CAD sports intelligent dimensioning

In December, CADKEY is to release GraphX Version 20 mechanical drawing software for drafters, mechanical design engineers and manufacturing engineers.

Built on an all-new architecture, the product allows users to create drawings from scratch or generate drawings from solid, surface and polygon models that are imported from other systems, including ACIS and Parasolid models.

It uses ‘intelligent’ dimensioning on native or imported drawings to help prevent manufacturing errors by prohibiting the creation of dimensions that do not match geometry or are not properly constructed.

CADKEY GraphX also uses a flexible file referencing system that allows referenced geometry to be stored in separate files or grouped in one file for optimum data organisation. For maximum interoperability with other CAD/CAM/CAE systems, industry-standard data translators (DWG, DXF, ACIS-SAT, Parasolid XT, STEP, IGES, STL, VRML) are included.

The product is optimised to run in Windows XP, 2000, NT 4 and will run in Windows 98. It is priced at $1,800 USD and includes a one-year annual update contract.

CADKEY GraphX is claimed to be the first commercial application released using the GeMS++ object-oriented database and memory management tools from Honeywell (Kansas City, MO).
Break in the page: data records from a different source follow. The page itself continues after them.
lemma lookup_pconst: "lookup (pconst c) \<alpha> = (if \<alpha> = 0 then c else 0)"
  by (simp add: pconst_def lookup_single when_def)

lemma pconst_0 [simp]: "pconst 0 = 0"
  by (simp add: pconst_def)

lemma pconst_1: "pconst 1 = 1"
  by (simp add: pconst_def)

lemma pconst_add: "pconst (a + b) = pconst a + pconst b"
  by (simp add: pconst_def single_add)

lemma pconst_mult: "pconst ((a::'a::comm_ring_1) * b) = pconst a * pconst b"
  by (simp add: pconst_def mult_single)

lemma pconst_sum: "pconst (sum f S) = (\<Sum>x\<in>S. pconst (f x))"
  by (induct S rule: infinite_finite_induct) (auto simp: pconst_add)

lemma pconst_neg_one_power: "pconst ((-1::'a::comm_ring_1) ^ n) = (-1) ^ n"
  by (induct n) (simp_all add: pconst_1 pconst_mult pconst_def single_uminus)

lemma pconst_inject: "pconst a = pconst b \<longleftrightarrow> a = b"
  by (metis lookup_pconst)

lemma lookup_pconst_mult: "lookup (pconst (c::'a::comm_ring_1) * p) \<alpha> = c * lookup p \<alpha>"
proof -
  have "pconst c * p = Poly_Mapping.map ((*) c) p"
    by (simp add: mult_map_scale_conv_mult pconst_def)
  then show ?thesis
    by (simp add: Poly_Mapping.map.rep_eq when_def)
qed

lemma poly_mapping_eq_sum_single: "p = (\<Sum>\<alpha>\<in>keys p. single \<alpha> (lookup p \<alpha>))"
  by (rule poly_mapping_eqI) (auto simp: lookup_sum lookup_single when_def in_keys_iff)

lemma poly_mapping_mult_eq_sum:
  "p * q = (\<Sum>\<alpha>\<in>keys p. \<Sum>\<beta>\<in>keys q. single (\<alpha> + \<beta>) (lookup p \<alpha> * lookup q \<beta>))"
  by (subst (1) poly_mapping_eq_sum_single[of p], subst (1) poly_mapping_eq_sum_single[of q])
    (simp add: sum_product mult_single)

lemma mdeg_add: "mdeg (\<alpha> + \<beta>) = mdeg \<alpha> + mdeg \<beta>"
  by (simp add: mdeg_def lookup_add sum.distrib)

lemma mdeg_eq_0_iff: "mdeg (\<alpha>::'n::finite \<Rightarrow>\<^sub>0 nat) = 0 \<longleftrightarrow> \<alpha> = 0"
  by (auto simp: mdeg_def poly_mapping_eq_iff fun_eq_iff)

lemma homog_poly_0_eq_pconst:
  fixes p :: "('a::zero, 'n::finite) mpoly"
  assumes "homog_poly 0 p"
  shows "p = pconst (lookup p 0)"
proof (rule poly_mapping_eqI)
  fix \<alpha>
  have "\<alpha> \<noteq> 0 \<Longrightarrow> \<alpha> \<notin> keys p"
    using assms mdeg_eq_0_iff[of \<alpha>] by (auto simp: homog_poly_def)
  then show "lookup p \<alpha> = lookup (pconst (lookup p 0)) \<alpha>"
    by (auto simp: lookup_pconst in_keys_iff)
qed
(* Let $G$ be a finite graph on the vertex set $\{x_1,\ldots,x_n\}$ with no loops, no multiple edges and no isolated vertices, and for $q\geq 1$ let $\mathcal{G}(I(G)^q)$ denote the minimal set of monomial generators of $I(G)^q$. The following conditions are equivalent: (i) $\mathcal{G}(I(G)^q)$ is a polymatroid for some $q\geq 1$; (ii) $\mathcal{G}(I(G)^q)$ is a polymatroid for all $q\geq 1$; (iii) $G$ is a complete multipartite graph. Furthermore, if $G$ is a complete multipartite graph, then for all $q\geq 1$ the toric ideal $J_{\mathcal{G}(I(G)^q)}$ of $\mathcal{G}(I(G)^q)$ is generated by symmetric exchange binomials.
   Context: Let $S=K[x_1,\ldots,x_n]$ be a polynomial ring over a field $K$. A finite set $\mathcal{B}$ of monomials of $S$ is called a polymatroid if (i) all elements of $\mathcal{B}$ have the same degree and (ii) whenever $u=x_1^{a_1}\cdots x_n^{a_n}$ and $v=x_1^{b_1}\cdots x_n^{b_n}$ belong to $\mathcal{B}$ with $a_\xi>b_\xi$, there is $\rho$ with $a_\rho<b_\rho$ such that $x_\rho u/x_\xi\in\mathcal{B}$. The edge ideal $I(G)$ is the ideal of $S$ generated by the monomials $x_ix_j$ with $\{x_i,x_j\}$ an edge of $G$. For a finite set of monomials $\mathcal{B}=\{w_1,\ldots,w_s\}$, let $T=K[z_1,\ldots,z_s]$ and $\pi:T\to K[w_1,\ldots,w_s]$ be the $K$-algebra homomorphism with $\pi(z_i)=w_i$; the toric ideal of $\mathcal{B}$ is $J_{\mathcal{B}}=\ker\pi$. A symmetric exchange binomial of $\mathcal{B}$ is a binomial $z_iz_j-z_{i_0}z_{j_0}$ where $w_i=x_1^{a_1}\cdots x_n^{a_n}$, $w_j=x_1^{b_1}\cdots x_n^{b_n}$, and there are indices $\xi,\rho$ with $a_\xi>b_\xi$, $a_\rho<b_\rho$ such that $w_{i_0}=x_\rho w_i/x_\xi$ and $w_{j_0}=x_\xi w_j/x_\rho$ both belong to $\mathcal{B}$. A complete multipartite graph is a graph whose vertex set is partitioned into $m\geq 2$ nonempty parts $V_1,\ldots,V_m$, with edges exactly the pairs $\{x,y\}$ with $x,y$ in different parts. *)

theory Defs
  imports Main "HOL-Library.Poly_Mapping" "HOL-Library.Multiset"
begin

text \<open>Monomials are exponent vectors (finitely supported maps to nat);
 polynomials over a field are finitely supported maps from monomials to coefficients.\<close>

definition simple_graph :: "'a set \<Rightarrow> 'a set set \<Rightarrow> bool" where
  "simple_graph V E \<longleftrightarrow> finite V \<and>
     (\<forall>e\<in>E. \<exists>x y. x \<noteq> y \<and> x \<in> V \<and> y \<in> V \<and> e = {x, y})"
(* Let $m,n\in\mathbb{N}$ and let $G=K_{1,m,n}$ be the complete tripartite graph with parts of sizes $1,m,n$. Then: (1) if $m=1$, $G$ is an $\mathcal{N}$ position for Grim if and only if $n$ is even; (2) if $m=2$ and $n\geq 2$, $G$ is an $\mathcal{N}$ position; (3) if $m,n\geq 3$, $G$ is an $\mathcal{N}$ position if and only if $m+n$ is even.
   Context: Grim is a two-player game on a finite simple undirected graph. Any isolated vertices of the starting graph are deleted before play begins. Players alternate moves; a move consists of selecting a vertex of the current graph and deleting it together with all its incident edges, after which every vertex that has become isolated is also deleted. The player who makes the last legal move wins (a player facing the empty graph has no move and loses). A graph is an $\mathcal{N}$ position if the player about to move has a winning strategy, and a $\mathcal{P}$ position otherwise. *)

theory Defs
  imports Main
begin

text \<open>A finite simple graph is represented by a vertex set V and a set E of edges,
each edge being a 2-element subset of V.\<close>

type_synonym 'a graph = "'a set \<times> 'a set set"

definition simple_graph :: "'a graph \<Rightarrow> bool" where
  "simple_graph G \<longleftrightarrow> finite (fst G) \<and> (\<forall>e\<in>snd G. card e = 2 \<and> e \<subseteq> fst G)"

definition del_isolated :: "'a graph \<Rightarrow> 'a graph" where
  "del_isolated G = ({x\<in>fst G. \<exists>e\<in>snd G. x \<in> e}, snd G)"

definition grim_move :: "'a graph \<Rightarrow> 'a \<Rightarrow> 'a graph" where
  "grim_move G v = del_isolated (fst G - {v}, {e\<in>snd G. v \<notin> e})"

text \<open>grim_win G: the player about to move from G has a winning strategy
  (normal play: the player with no legal move loses).\<close>
function grim_win :: "'a graph \<Rightarrow> bool" where
  "grim_win (V, E) = (if finite V then (\<exists>v\<in>V. \<not> grim_win (grim_move (V, E) v)) else False)"
  by pat_completeness auto
termination
proof (relation "measure (\<lambda>(V, E). card V)")
  fix V :: "'a set" and E v
  assume "finite V" "v \<in> V"
  then show "(grim_move (V, E) v, V, E) \<in> measure (\<lambda>(V, E). card V)"
    unfolding grim_move_def del_isolated_def
    by (auto intro!: psubset_card_mono)
qed auto

text \<open>A graph is an N position for Grim if the first player wins the game played
  on it after the isolated vertices of the starting graph are deleted.\<close>
definition grim_N :: "'a graph \<Rightarrow> bool" where
  "grim_N G \<longleftrightarrow> grim_win (del_isolated G)"

definition K3 :: "nat \<Rightarrow> nat \<Rightarrow> nat \<Rightarrow> (nat \<times> nat) graph" where
  "K3 a b c =
    (let V = {(0, j) | j. j < a} \<union> {(1, j) | j. j < b} \<union> {(2, j) | j. j < c}
     in (V, {{x, y} | x y. x \<in> V \<and> y \<in> V \<and> fst x \<noteq> fst y}))"

end

theory Submission
  imports Defs
begin

text \<open>Deleting a vertex of a complete multipartite graph leaves the complete multipartite graph
  on the remaining vertices, and the only vertices that become isolated are those of a graph
  with a single nonempty part, which then vanishes entirely. Hence the outcome of Grim on
  \<open>K\<^sub>a\<^sub>,\<^sub>b\<^sub>,\<^sub>c\<close> depends only on \<open>(a, b, c)\<close>, and for \<open>a \<le> 1\<close> one checks that an explicit
  closed form satisfies the resulting recursion on part sizes.\<close>

definition complete_multipartite :: "('a \<Rightarrow> 'b) \<Rightarrow> 'a set \<Rightarrow> 'a graph" where
  "complete_multipartite p V = (V, {{x, y} | x y. x \<in> V \<and> y \<in> V \<and> p x \<noteq> p y})"

lemma fst_complete_multipartite [simp]: "fst (complete_multipartite p V) = V"
  by (simp add: complete_multipartite_def)

lemma grim_move_complete_multipartite:
  "grim_move (complete_multipartite p V) v = del_isolated (complete_multipartite p (V - {v}))"
proof -
  have "{e \<in> {{x, y} | x y. x \<in> V \<and> y \<in> V \<and> p x \<noteq> p y}. v \<notin> e} =
        {{x, y} | x y. x \<in> V - {v} \<and> y \<in> V - {v} \<and> p x \<noteq> p y}"
    by blast
  then show ?thesis by (simp add: grim_move_def complete_multipartite_def)
qed

lemma non_isolated_complete_multipartite:
  "(\<exists>e\<in>snd (complete_multipartite p V). u \<in> e) \<longleftrightarrow> u \<in> V \<and> (\<exists>y\<in>V. p y \<noteq> p u)"
proof
  assume "\<exists>e\<in>snd (complete_multipartite p V). u \<in> e"
  then obtain x y where "x \<in> V" "y \<in> V" "p x \<noteq> p y" "u = x \<or> u = y"
    by (auto simp: complete_multipartite_def)
  then show "u \<in> V \<and> (\<exists>y\<in>V. p y \<noteq> p u)" by metis
next
  assume "u \<in> V \<and> (\<exists>y\<in>V. p y \<noteq> p u)"
  then obtain y where "u \<in> V" "y \<in> V" "p u \<noteq> p y" by metis
  then have "{u, y} \<in> snd (complete_multipartite p V)" by (auto simp: complete_multipartite_def)
  then show "\<exists>e\<in>snd (complete_multipartite p V). u \<in> e" by blast
qed

lemma del_isolated_complete_multipartite:
  "del_isolated (complete_multipartite p V) =
     complete_multipartite p (if \<exists>x\<in>V. \<exists>y\<in>V. p x \<noteq> p y then V else {})"
proof (cases "\<exists>x\<in>V. \<exists>y\<in>V. p x \<noteq> p y")
  case True
  then have "\<exists>y\<in>V. p y \<noteq> p u" if "u \<in> V" for u
    using that by metis
  then have "fst (del_isolated (complete_multipartite p V)) = V"
    by (auto simp: del_isolated_def non_isolated_complete_multipartite)
  then have "del_isolated (complete_multipartite p V) = complete_multipartite p V"
    by (simp add: prod_eq_iff del_isolated_def)
  with True show ?thesis by simp
next
  case False
  have "snd (complete_multipartite p V) = {}"
  proof (rule equals0I)
    fix e assume "e \<in> snd (complete_multipartite p V)"
    then obtain x y where "x \<in> V" "y \<in> V" "p x \<noteq> p y"
      by (auto simp: complete_multipartite_def)
    with False show False by blast
  qed
  then have "del_isolated (complete_multipartite p V) = ({}, {})"
    by (simp add: del_isolated_def)
  then show ?thesis
    unfolding if_not_P[OF False] by (simp add: complete_multipartite_def[of p "{}"])
qed

lemma grim_win_iff: "grim_win G \<longleftrightarrow> finite (fst G) \<and> (\<exists>v\<in>fst G. \<not> grim_win (grim_move G v))"
  by (cases G) simp

lemma grim_win_complete_multipartite:
  assumes "finite V"
  shows "grim_win (del_isolated (complete_multipartite p V)) \<longleftrightarrow>
           (\<exists>x\<in>V. \<exists>y\<in>V. p x \<noteq> p y) \<and>
           (\<exists>v\<in>V. \<not> grim_win (del_isolated (complete_multipartite p (V - {v}))))"
proof (cases "\<exists>x\<in>V. \<exists>y\<in>V. p x \<noteq> p y")
  case True
  then have "del_isolated (complete_multipartite p V) = complete_multipartite p V"
    by (simp add: del_isolated_complete_multipartite)
  with True assms show ?thesis
    by (subst grim_win_iff) (simp add: grim_move_complete_multipartite)
next
  case False
  have "\<not> grim_win (complete_multipartite p {})"
    by (subst grim_win_iff) simp
  with False show ?thesis
    unfolding del_isolated_complete_multipartite if_not_P[OF False] by blast
qed

definition tripartite_vertices :: "nat set \<Rightarrow> nat set \<Rightarrow> nat set \<Rightarrow> (nat \<times> nat) set" where
  "tripartite_vertices A B C = {0} \<times> A \<union> {1} \<times> B \<union> {2} \<times> C"

definition tripartite :: "nat set \<Rightarrow> nat set \<Rightarrow> nat set \<Rightarrow> (nat \<times> nat) graph" where
  "tripartite A B C = complete_multipartite fst (tripartite_vertices A B C)"

lemma K3_eq_tripartite: "K3 a b c = tripartite {..<a} {..<b} {..<c}"
  unfolding K3_def tripartite_def tripartite_vertices_def complete_multipartite_def Let_def by auto

lemma tripartite_vertices_Diff:
  "tripartite_vertices A B C - {(0, j)} = tripartite_vertices (A - {j}) B C"
  "tripartite_vertices A B C - {(1, j)} = tripartite_vertices A (B - {j}) C"
  "tripartite_vertices A B C - {(2, j)} = tripartite_vertices A B (C - {j})"
  by (auto simp: tripartite_vertices_def)

lemma bex_tripartite_vertices:
  "(\<exists>v\<in>tripartite_vertices A B C. P v) \<longleftrightarrow> (\<exists>j\<in>A. P (0, j)) \<or> (\<exists>j\<in>B. P (1, j)) \<or> (\<exists>j\<in>C. P (2, j))"
  by (simp only: tripartite_vertices_def bex_Un split_paired_Bex_Sigma bex_simps bex_empty disj_assoc simp_thms)

lemma tripartite_two_parts:
  "(\<exists>x\<in>tripartite_vertices A B C. \<exists>y\<in>tripartite_vertices A B C. fst x \<noteq> fst y) \<longleftrightarrow>
     (A \<noteq> {} \<and> B \<noteq> {}) \<or> (A \<noteq> {} \<and> C \<noteq> {}) \<or> (B \<noteq> {} \<and> C \<noteq> {})"
  by (simp only: bex_tripartite_vertices fst_conv) auto

lemma grim_win_tripartite_rec:
  assumes "finite A" "finite B" "finite C"
  shows "grim_win (del_isolated (tripartite A B C)) \<longleftrightarrow>
           ((A \<noteq> {} \<and> B \<noteq> {}) \<or> (A \<noteq> {} \<and> C \<noteq> {}) \<or> (B \<noteq> {} \<and> C \<noteq> {})) \<and>
           ((\<exists>j\<in>A. \<not> grim_win (del_isolated (tripartite (A - {j}) B C))) \<or>
            (\<exists>j\<in>B. \<not> grim_win (del_isolated (tripartite A (B - {j}) C))) \<or>
            (\<exists>j\<in>C. \<not> grim_win (del_isolated (tripartite A B (C - {j})))))"
proof -
  have "finite (tripartite_vertices A B C)"
    using assms by (simp add: tripartite_vertices_def)
  then show ?thesis
    unfolding tripartite_def grim_win_complete_multipartite[OF \<open>finite (tripartite_vertices A B C)\<close>]
      tripartite_two_parts
    by (simp only: bex_tripartite_vertices tripartite_vertices_Diff)
qed

text \<open>The outcome of Grim on \<open>K\<^sub>a\<^sub>,\<^sub>b\<^sub>,\<^sub>c\<close> for \<open>a \<le> 1\<close>; for \<open>a = 0\<close> this is the complete
  bipartite graph \<open>K\<^sub>b\<^sub>,\<^sub>c\<close>.\<close>
definition grim_outcome :: "nat \<Rightarrow> nat \<Rightarrow> nat \<Rightarrow> bool" where
  "grim_outcome a b c =
     (if a = 0 then b \<noteq> 0 \<and> c \<noteq> 0 \<and> (b = 1 \<or> c = 1 \<or> odd (b + c))
      else (b \<noteq> 0 \<or> c \<noteq> 0) \<and>
        (b = 0 \<or> c = 0 \<or>
          (if b = 1 then even c else if c = 1 then even b else b = 2 \<or> c = 2 \<or> even (b + c))))"

lemma grim_outcome_rec:
  assumes "a \<le> 1"
  shows "grim_outcome a b c \<longleftrightarrow>
           ((a > 0 \<and> b > 0) \<or> (a > 0 \<and> c > 0) \<or> (b > 0 \<and> c > 0)) \<and>
           ((a > 0 \<and> \<not> grim_outcome (a - 1) b c) \<or> (b > 0 \<and> \<not> grim_outcome a (b - 1) c) \<or>
            (c > 0 \<and> \<not> grim_outcome a b (c - 1)))"
proof -
  have "a = 0 \<or> a = 1" using assms by auto
  moreover have "b = 0 \<or> b = 1 \<or> b = 2 \<or> b = 3 \<or> (\<exists>k. b = k + 4)" by presburger
  moreover have "c = 0 \<or> c = 1 \<or> c = 2 \<or> c = 3 \<or> (\<exists>k. c = k + 4)" by presburger
  ultimately show ?thesis
    by (elim disjE exE) (simp_all add: grim_outcome_def)
qed

lemma bex_card_Diff_singleton:
  assumes "finite A"
  shows "(\<exists>j\<in>A. P (card (A - {j}))) \<longleftrightarrow> card A > 0 \<and> P (card A - 1)"
  using assms by (auto simp: card_gt_0_iff)

lemma grim_win_tripartite:
  assumes "finite A" "finite B" "finite C" "card A \<le> 1"
  shows "grim_win (del_isolated (tripartite A B C)) \<longleftrightarrow> grim_outcome (card A) (card B) (card C)"
  using assms
proof (induction "card A + card B + card C" arbitrary: A B C rule: less_induct)
  case less
  note fin = less.prems(1-3)
  have move_A: "grim_win (del_isolated (tripartite (A - {j}) B C)) \<longleftrightarrow>
      grim_outcome (card (A - {j})) (card B) (card C)" if "j \<in> A" for j
    using less.prems that card_Diff1_less[OF _ that] by (intro less.hyps) auto
  have move_B: "grim_win (del_isolated (tripartite A (B - {j}) C)) \<longleftrightarrow>
      grim_outcome (card A) (card (B - {j})) (card C)" if "j \<in> B" for j
    using less.prems that card_Diff1_less[OF _ that] by (intro less.hyps) auto
  have move_C: "grim_win (del_isolated (tripartite A B (C - {j}))) \<longleftrightarrow>
      grim_outcome (card A) (card B) (card (C - {j}))" if "j \<in> C" for j
    using less.prems that card_Diff1_less[OF _ that] by (intro less.hyps) auto
  have "grim_win (del_isolated (tripartite A B C)) \<longleftrightarrow>
      ((A \<noteq> {} \<and> B \<noteq> {}) \<or> (A \<noteq> {} \<and> C \<noteq> {}) \<or> (B \<noteq> {} \<and> C \<noteq> {})) \<and>
      ((\<exists>j\<in>A. \<not> grim_outcome (card (A - {j})) (card B) (card C)) \<or>
       (\<exists>j\<in>B. \<not> grim_outcome (card A) (card (B - {j})) (card C)) \<or>
       (\<exists>j\<in>C. \<not> grim_outcome (card A) (card B) (card (C - {j}))))"
    unfolding grim_win_tripartite_rec[OF fin] using move_A move_B move_C by (simp cong: bex_cong)
  also have "\<dots> \<longleftrightarrow> grim_outcome (card A) (card B) (card C)"
    unfolding bex_card_Diff_singleton[OF fin(1), where P = "\<lambda>k. \<not> grim_outcome k (card B) (card C)"]
      bex_card_Diff_singleton[OF fin(2), where P = "\<lambda>k. \<not> grim_outcome (card A) k (card C)"]
      bex_card_Diff_singleton[OF fin(3), where P = "\<lambda>k. \<not> grim_outcome (card A) (card B) k"]
    using fin by (subst grim_outcome_rec[OF less.prems(4)]) (simp only: card_gt_0_iff simp_thms)
  finally show ?case .
qed

lemma grim_N_K3_one: "grim_N (K3 1 m n) \<longleftrightarrow> grim_outcome 1 m n"
  unfolding grim_N_def K3_eq_tripartite by (subst grim_win_tripartite) auto

theorem lemma3p3:
  fixes m n :: nat
  shows "(m = 1 \<longrightarrow> (grim_N (K3 1 m n) \<longleftrightarrow> even n))
       \<and> (m = 2 \<and> n \<ge> 2 \<longrightarrow> grim_N (K3 1 m n))
       \<and> (m \<ge> 3 \<and> n \<ge> 3 \<longrightarrow> (grim_N (K3 1 m n) \<longleftrightarrow> even (m + n)))"
  unfolding grim_N_K3_one by (auto simp: grim_outcome_def)

end
lemma nn_integral_ln_mftr_law:
  fixes K \<Delta> m \<mu> gb :: real and M :: "real measure"
  assumes K: "K > 0" and \<Delta>: "0 \<le> \<Delta>" "\<Delta> < 1" and m: "m > 0" and \<mu>: "\<mu> > 0" and gb: "gb > 0"
    and law: "is_mftr_law K \<Delta> m \<mu> gb M"
  shows "(\<integral>\<^sup>+x. ennreal (indicator {0<..} x * ln (1 + x)) \<partial>M)
       = (\<Sum>i. ennreal (mftr_w K \<Delta> m \<mu> i) *
               ln1p_laplace (\<lambda>s. (1 + gb / (\<mu> * (1 + K)) * s) powr (- (\<mu> + real i))))"
proof -
  define \<kappa> where "\<kappa> \<theta> = K * (1 + \<Delta> * cos \<theta>)" for \<theta>
  define G where "G i = ln1p_laplace (\<lambda>s. (1 + gb / (\<mu> * (1 + K)) * s) powr (- (\<mu> + real i)))" for i
  obtain N where kms: "\<And>\<theta>. \<theta> \<in> {0..pi} \<Longrightarrow> is_kms_law (\<kappa> \<theta>) \<mu> m (gb * (1 + \<kappa> \<theta>) / (1 + K)) (N \<theta>)"
    and average: "(\<integral>\<^sup>+x. ennreal (indicator {0<..} x * ln (1 + x)) \<partial>M)
       = (\<integral>\<^sup>+\<theta>. ennreal (indicator {0..pi} \<theta> / pi) *
                 (\<integral>\<^sup>+x. ennreal (indicator {0<..} x * ln (1 + x)) \<partial>N \<theta>) \<partial>lborel)"
    using nn_integral_ln_mftr_law_mixture[OF law] unfolding \<kappa>_def by blast
  note parameters = mftr_conditional_parameters[OF K \<Delta> gb, folded \<kappa>_def]
  have scale: "gb * (1 + \<kappa> \<theta>) / (1 + K) / (\<mu> * (1 + \<kappa> \<theta>)) = gb / (\<mu> * (1 + K))" for \<theta>
    using parameters(1)[of \<theta>] K \<mu> by (simp add: divide_simps)
  have "(\<integral>\<^sup>+x. ennreal (indicator {0<..} x * ln (1 + x)) \<partial>M)
      = (\<integral>\<^sup>+\<theta>. (\<Sum>i. ennreal (indicator {0..pi} \<theta> / pi) * ennreal (nb_weight (\<kappa> \<theta>) \<mu> m i) * G i) \<partial>lborel)"
    unfolding average
  proof (intro nn_integral_cong)
    fix \<theta> :: real
    show "ennreal (indicator {0..pi} \<theta> / pi) * (\<integral>\<^sup>+x. ennreal (indicator {0<..} x * ln (1 + x)) \<partial>N \<theta>)
        = (\<Sum>i. ennreal (indicator {0..pi} \<theta> / pi) * ennreal (nb_weight (\<kappa> \<theta>) \<mu> m i) * G i)"
    proof (cases "\<theta> \<in> {0..pi}")
      case True
      have "(\<integral>\<^sup>+x. ennreal (indicator {0<..} x * ln (1 + x)) \<partial>N \<theta>) = (\<Sum>i. ennreal (nb_weight (\<kappa> \<theta>) \<mu> m i) * G i)"
        unfolding G_def scale[of \<theta>, symmetric]
        by (rule nn_integral_ln_kms_law_sums[OF less_imp_le[OF parameters(1)] \<mu> m parameters(2) kms[OF True]])
      then show ?thesis by (simp add: mult.assoc)
    qed simp
  qed
  also have "\<dots> = (\<Sum>i. (\<integral>\<^sup>+\<theta>. ennreal (indicator {0..pi} \<theta> / pi) * ennreal (nb_weight (\<kappa> \<theta>) \<mu> m i) \<partial>lborel) * G i)"
    by (subst nn_integral_suminf) (auto simp: \<kappa>_def nb_weight_def intro!: suminf_cong nn_integral_multc)
  finally show ?thesis
    unfolding \<kappa>_def nn_integral_average_nb_weight[OF K \<Delta> m \<mu>] G_def .
qed

lemma log2_capacity_integral:
  fixes f :: "real \<Rightarrow> real"
  assumes [measurable]: "f \<in> borel_measurable borel" and f: "\<And>x. 0 \<le> f x"
    and finite: "(\<integral>\<^sup>+x. ennreal (indicator {0<..} x * ln (1 + x)) \<partial>density lborel f) < \<infinity>"
  shows "set_integrable lborel {0<..} (\<lambda>x. log 2 (1 + x) * f x)"
    and "(LINT x:{0<..}|lborel. log 2 (1 + x) * f x)
         = enn2real (\<integral>\<^sup>+x. ennreal (indicator {0<..} x * ln (1 + x)) \<partial>density lborel f) / ln 2"
proof -
  let ?T = "\<integral>\<^sup>+x. ennreal (indicator {0<..} x * ln (1 + x)) \<partial>density lborel f"
  have nn: "(\<integral>\<^sup>+x. ennreal (indicator {0<..} x *\<^sub>R (log 2 (1 + x) * f x)) \<partial>lborel) = ennreal (1 / ln 2) * ?T"
  proof -
    have "ennreal (1 / ln 2) * ?T
        = (\<integral>\<^sup>+x. ennreal (1 / ln 2) * (ennreal (f x) * ennreal (indicator {0<..} x * ln (1 + x))) \<partial>lborel)"
      by (subst nn_integral_density) (auto simp: nn_integral_cmult)
    also have "\<dots> = (\<integral>\<^sup>+x. ennreal (indicator {0<..} x *\<^sub>R (log 2 (1 + x) * f x)) \<partial>lborel)"
      using f by (intro nn_integral_cong) (auto simp: indicator_def ennreal_mult'[symmetric] log_def mult_ac)
    finally show ?thesis ..
  qed
  show "set_integrable lborel {0<..} (\<lambda>x. log 2 (1 + x) * f x)"
    unfolding set_integrable_def
  proof (rule integrableI_nonneg)
    show "AE x in lborel. 0 \<le> indicator {0<..} x *\<^sub>R (log 2 (1 + x) * f x)"
      using f by (auto simp: indicator_def)
    show "(\<integral>\<^sup>+x. ennreal (indicator {0<..} x *\<^sub>R (log 2 (1 + x) * f x)) \<partial>lborel) < \<infinity>"
      unfolding nn using finite by (simp add: ennreal_mult_less_top)
  qed simp
  have "(LINT x:{0<..}|lborel. log 2 (1 + x) * f x)
      = enn2real (\<integral>\<^sup>+x. ennreal (indicator {0<..} x *\<^sub>R (log 2 (1 + x) * f x)) \<partial>lborel)"
    unfolding set_lebesgue_integral_def
    using f by (intro integral_eq_nn_integral) (auto simp: indicator_def)
  then show "(LINT x:{0<..}|lborel. log 2 (1 + x) * f x) = enn2real ?T / ln 2"
    unfolding nn by (simp add: enn2real_mult)
qed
GeMS++ was developed as part of an advanced manufacturing initiative sponsored by the US Department of Energy. This technology offers an unlimited undo/redo system, optimised file saving for smaller file size, faster file loading and advanced data protection.

Another key component in CADKEY GraphX is a unified graphics system based on the HOOPS Application Framework from Techsoft America (Oakland, CA). HOOPS provides optimised graphic processing critical to large assemblies as well as output of next-generation compressed graphical files (Open HSF) for sharing of data over the web. The GraphX Version 20 Technology architecture also uses ACIS components from Spatial Corporation (Boulder, CO) that enables the generation of sectional views and the healing of surfaces into solid models.